Une expérience simple
Il n'est pas nécessaire d'utiliser un matériau coûteux et sophistiqué pour observer le comportement superplastique, bien visible avec une simple expérience à température ambiante. Pour cela, le fil d'étain utilisé pour le soudage dans les circuits électriques (la composition du fil doit être la suivante: 60% étain, 38% plomb et 2% cuivre).
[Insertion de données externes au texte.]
(* Let $a>0$ and $0\le r_0<a$, and consider, in polar coordinates $(r,\theta)$ about a pole $O$, the circle of radius $a$ whose centre $C$ has polar coordinates $(r_0,\theta_0)$, so that the ray from $O$ in direction $\theta$ meets the circle at distance $$r(\theta)=r_0\cos(\theta-\theta_0)+\sqrt{a^2-r_0^2\sin^2(\theta-\theta_0)} .$$ Let $\theta_1<\theta_2<\theta_3<\theta_4<\theta_1+\pi$, set $\theta_{i+4}=\theta_i+\pi$ for $i=1,2,3,4$ and $\theta_9=\theta_1+2\pi$, and for $1\le i\le 8$ let $S_i=\frac12\int_{\theta_i}^{\theta_{i+1}} r(\theta)^2\,d\theta$ (the area of the $i$-th of the eight sectors cut from the disc by the four lines through $O$ in directions $\theta_1,\dots,\theta_4$). Suppose that $$(\theta_2-\theta_1)+(\theta_4-\theta_3)=\frac{\pi}{2}$$ and $$\sin 2(\theta_4-\theta_0)+\sin 2(\theta_2-\theta_0)=\sin 2(\theta_3-\theta_0)+\sin 2(\theta_1-\theta_0).$$ Then $$S_1+S_3+S_5+S_7=\frac{\pi}{2}a^2=S_2+S_4+S_6+S_8 .$$
   Context: Polar coordinates are taken about the pole $O$; the point with polar coordinates $(r,\theta)$ is $O+r(\cos\theta,\sin\theta)$. The sector $S_i$ is the region $\{O+\rho(\cos\theta,\sin\theta):\ \theta_i\le\theta\le\theta_{i+1},\ 0\le\rho\le r(\theta)\}$. *)

theory Defs
  imports "HOL-Analysis.Analysis"
begin

definition ray_radius :: "real \<Rightarrow> real \<Rightarrow> real \<Rightarrow> real \<Rightarrow> real" where
  "ray_radius a r0 th0 th = r0 * cos (th - th0) + sqrt (a^2 - r0^2 * (sin (th - th0))^2)"

definition ext_angle :: "(nat \<Rightarrow> real) \<Rightarrow> nat \<Rightarrow> real" where
  "ext_angle th i = (if i \<le> 4 then th i else if i \<le> 8 then th (i - 4) + pi else th 1 + 2 * pi)"

definition sector_area :: "real \<Rightarrow> real \<Rightarrow> real \<Rightarrow> (nat \<Rightarrow> real) \<Rightarrow> nat \<Rightarrow> real" where
  "sector_area a r0 th0 th i =
     (1/2) * integral {ext_angle th i .. ext_angle th (Suc i)} (\<lambda>t. (ray_radius a r0 th0 t)^2)"

end

theory Submission
  imports Defs
begin

text \<open>Opposite rays meet the circle at the two roots \<open>r0 cos \<phi> \<plusminus> sqrt (a^2 - r0^2 sin^2 \<phi>)\<close>
  of the same quadratic, so \<open>r(\<theta>)^2 + r(\<theta> + \<pi>)^2 = 2a^2 + 2 r0^2 cos 2(\<theta> - \<theta>0)\<close>.
  Hence a sector together with its opposite sector has area \<open>F(\<theta>') - F(\<theta>)\<close> with
  \<open>F(t) = a^2 t + r0^2/2 sin 2(t - \<theta>0)\<close> (\<open>antipodal_sector_primitive\<close>). Summing over the odd sectors, the linear part of \<open>F\<close>
  gives \<open>a^2 \<pi>/2\<close> by the first hypothesis, and the oscillating part cancels by the second.
  Since \<open>F(t + \<pi>) = F(t) + \<pi> a^2\<close>, the even sectors make up the other half of the disc.\<close>

lemma ray_radius_sq_add_antipodal:
  assumes "r0^2 \<le> a^2"
  shows "(ray_radius a r0 th0 t)^2 + (ray_radius a r0 th0 (t + pi))^2
           = 2 * a^2 + 2 * r0^2 * cos (2 * (t - th0))"
proof -
  define c s where "c = cos (t - th0)" and "s = sin (t - th0)"
  have opposite: "cos (t + pi - th0) = - c" "sin (t + pi - th0) = - s"
    by (simp_all add: c_def s_def algebra_simps cos_add sin_add cos_diff sin_diff)
  have "s^2 \<le> 1"
    by (simp add: s_def abs_square_le_1 abs_sin_le_one)
  then have "r0^2 * s^2 \<le> a^2"
    using assms mult_left_le[of "s^2" "r0^2"] by simp
  then have root_sq: "(sqrt (a^2 - r0^2 * s^2))^2 = a^2 - r0^2 * s^2"
    by simp
  have "(ray_radius a r0 th0 t)^2 + (ray_radius a r0 th0 (t + pi))^2
      = (r0 * c + sqrt (a^2 - r0^2 * s^2))^2 + (- (r0 * c) + sqrt (a^2 - r0^2 * s^2))^2"
    unfolding ray_radius_def opposite by (simp add: c_def s_def)
  also have "\<dots> = 2 * r0^2 * (c^2 - s^2) + 2 * a^2"
    unfolding power2_sum power2_diff root_sq by (simp add: algebra_simps power_mult_distrib)
  also have "c^2 - s^2 = cos (2 * (t - th0))"
    unfolding c_def s_def by (rule cos_double[symmetric])
  finally show ?thesis by simp
qed

definition antipodal_sector_primitive :: "real \<Rightarrow> real \<Rightarrow> real \<Rightarrow> real \<Rightarrow> real" where
  "antipodal_sector_primitive a r0 th0 t = a^2 * t + r0^2 / 2 * sin (2 * (t - th0))"

lemma antipodal_sector_primitive_add_pi:
  "antipodal_sector_primitive a r0 th0 (t + pi) = antipodal_sector_primitive a r0 th0 t + pi * a^2"
  using sin_periodic[of "2 * (t - th0)"]
  by (simp add: antipodal_sector_primitive_def algebra_simps)

lemma integral_ray_radius_sq_antipodal:
  assumes "r0^2 \<le> a^2" and "c \<le> d"
  shows "integral {c..d} (\<lambda>t. (ray_radius a r0 th0 t)^2)
           + integral {c + pi..d + pi} (\<lambda>t. (ray_radius a r0 th0 t)^2)
         = 2 * (antipodal_sector_primitive a r0 th0 d - antipodal_sector_primitive a r0 th0 c)"
proof -
  let ?R = "\<lambda>t. (ray_radius a r0 th0 t)^2"
  let ?F = "\<lambda>t. 2 * antipodal_sector_primitive a r0 th0 t"
  have cont: "continuous_on {c..d} ?R" "continuous_on {c..d} (\<lambda>t. ?R (t + pi))"
    unfolding ray_radius_def by (intro continuous_intros)+
  have shift: "integral {c + pi..d + pi} ?R = integral {c..d} (\<lambda>t. ?R (t + pi))"
    using integral_shift_Icc_real[of c d ?R pi] by (simp add: o_def add.commute)
  have "((\<lambda>t. 2 * a^2 + 2 * r0^2 * cos (2 * (t - th0))) has_integral ?F d - ?F c) {c..d}"
    unfolding antipodal_sector_primitive_def
    by (intro fundamental_theorem_of_calculus[OF assms(2)])
       (auto simp flip: has_real_derivative_iff_has_vector_derivative intro!: derivative_eq_intros)
  then have "((\<lambda>t. ?R t + ?R (t + pi)) has_integral ?F d - ?F c) {c..d}"
    using ray_radius_sq_add_antipodal[OF assms(1)] by simp
  then show ?thesis
    unfolding shift using integral_add[OF cont[THEN integrable_continuous_interval]]
    by (simp add: integral_unique)
qed

lemma ext_angle_add_4:
  assumes "1 \<le> i" and "i \<le> 5"
  shows "ext_angle th (i + 4) = ext_angle th i + pi"
  using assms by (cases "i = 5") (auto simp: ext_angle_def)

lemma sector_area_add_antipodal:
  assumes "r0^2 \<le> a^2" and "1 \<le> i" and "i \<le> 4"
    and "ext_angle th i \<le> ext_angle th (i + 1)"
  shows "sector_area a r0 th0 th i + sector_area a r0 th0 th (i + 4)
           = antipodal_sector_primitive a r0 th0 (ext_angle th (i + 1))
             - antipodal_sector_primitive a r0 th0 (ext_angle th i)"
proof -
  have "ext_angle th (i + 4) = ext_angle th i + pi"
       "ext_angle th (i + 1 + 4) = ext_angle th (i + 1) + pi"
    using assms(2,3) ext_angle_add_4[of i th] ext_angle_add_4[of "i + 1" th] by simp_all
  then show ?thesis
    using integral_ray_radius_sq_antipodal[OF assms(1,4), of th0]
    by (simp add: sector_area_def algebra_simps)
qed

theorem mainTheorem2:
  fixes a r0 th0 :: real and th :: "nat \<Rightarrow> real"
  assumes "a > 0" and "0 \<le> r0" and "r0 < a"
    and "th 1 < th 2" and "th 2 < th 3" and "th 3 < th 4" and "th 4 < th 1 + pi"
    and "(th 2 - th 1) + (th 4 - th 3) = pi / 2"
    and "sin (2 * (th 4 - th0)) + sin (2 * (th 2 - th0))
           = sin (2 * (th 3 - th0)) + sin (2 * (th 1 - th0))"
  shows "sector_area a r0 th0 th 1 + sector_area a r0 th0 th 3
           + sector_area a r0 th0 th 5 + sector_area a r0 th0 th 7 = pi / 2 * a^2
       \<and> sector_area a r0 th0 th 2 + sector_area a r0 th0 th 4
           + sector_area a r0 th0 th 6 + sector_area a r0 th0 th 8 = pi / 2 * a^2"
proof -
  let ?S = "sector_area a r0 th0 th" and ?F = "antipodal_sector_primitive a r0 th0"
  have "r0^2 \<le> a^2"
    using assms(2,3) by (simp add: power_mono)
  then have pairs: "?S i + ?S (i + 4) = ?F (ext_angle th (i + 1)) - ?F (ext_angle th i)"
    if "i \<in> {1, 2, 3, 4}" for i
    using that assms(4-7)
    by (intro sector_area_add_antipodal) (auto simp: ext_angle_def eval_nat_numeral)
  have angles: "ext_angle th 1 = th 1" "ext_angle th 2 = th 2" "ext_angle th 3 = th 3"
    "ext_angle th 4 = th 4" "ext_angle th 5 = th 1 + pi"
    by (simp_all add: ext_angle_def)
  have odd: "?S 1 + ?S 5 + (?S 3 + ?S 7) = (?F (th 2) - ?F (th 1)) + (?F (th 4) - ?F (th 3))"
   and even: "?S 2 + ?S 6 + (?S 4 + ?S 8) = (?F (th 3) - ?F (th 2)) + (?F (th 1 + pi) - ?F (th 4))"
    using pairs[of 1] pairs[of 2] pairs[of 3] pairs[of 4] by (simp_all add: angles del: One_nat_def)
  have "(?F (th 2) - ?F (th 1)) + (?F (th 4) - ?F (th 3))
        = a^2 * ((th 2 - th 1) + (th 4 - th 3))
          + r0^2 / 2 * ((sin (2 * (th 4 - th0)) + sin (2 * (th 2 - th0)))
                        - (sin (2 * (th 3 - th0)) + sin (2 * (th 1 - th0))))"
    by (simp add: antipodal_sector_primitive_def algebra_simps)
  also have "\<dots> = pi / 2 * a^2"
    unfolding assms(8,9) by simp
  finally show ?thesis
    using odd even antipodal_sector_primitive_add_pi[of a r0 th0 "th 1"] by linarith
qed

end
Sur un fil d'un millimètre de diamètre, avec un marqueur, deux marques sont faites, accrochant au fil des masses de 250, 480 et 900 grammes. Il faut être prudent avec le nœud: si le fil fléchit beaucoup sur le nœud, la tension peut être concentrée là, de sorte que le fil peut être brisé par ce point avant le temps. Avec le temps, la distance entre les deux marques augmente considérablement.

L'auteur de cet article, Marta Urdanpilleta, a fait une thèse pour étudier la superplasticité à travers la collaboration des centres technologiques ITP et CEIT.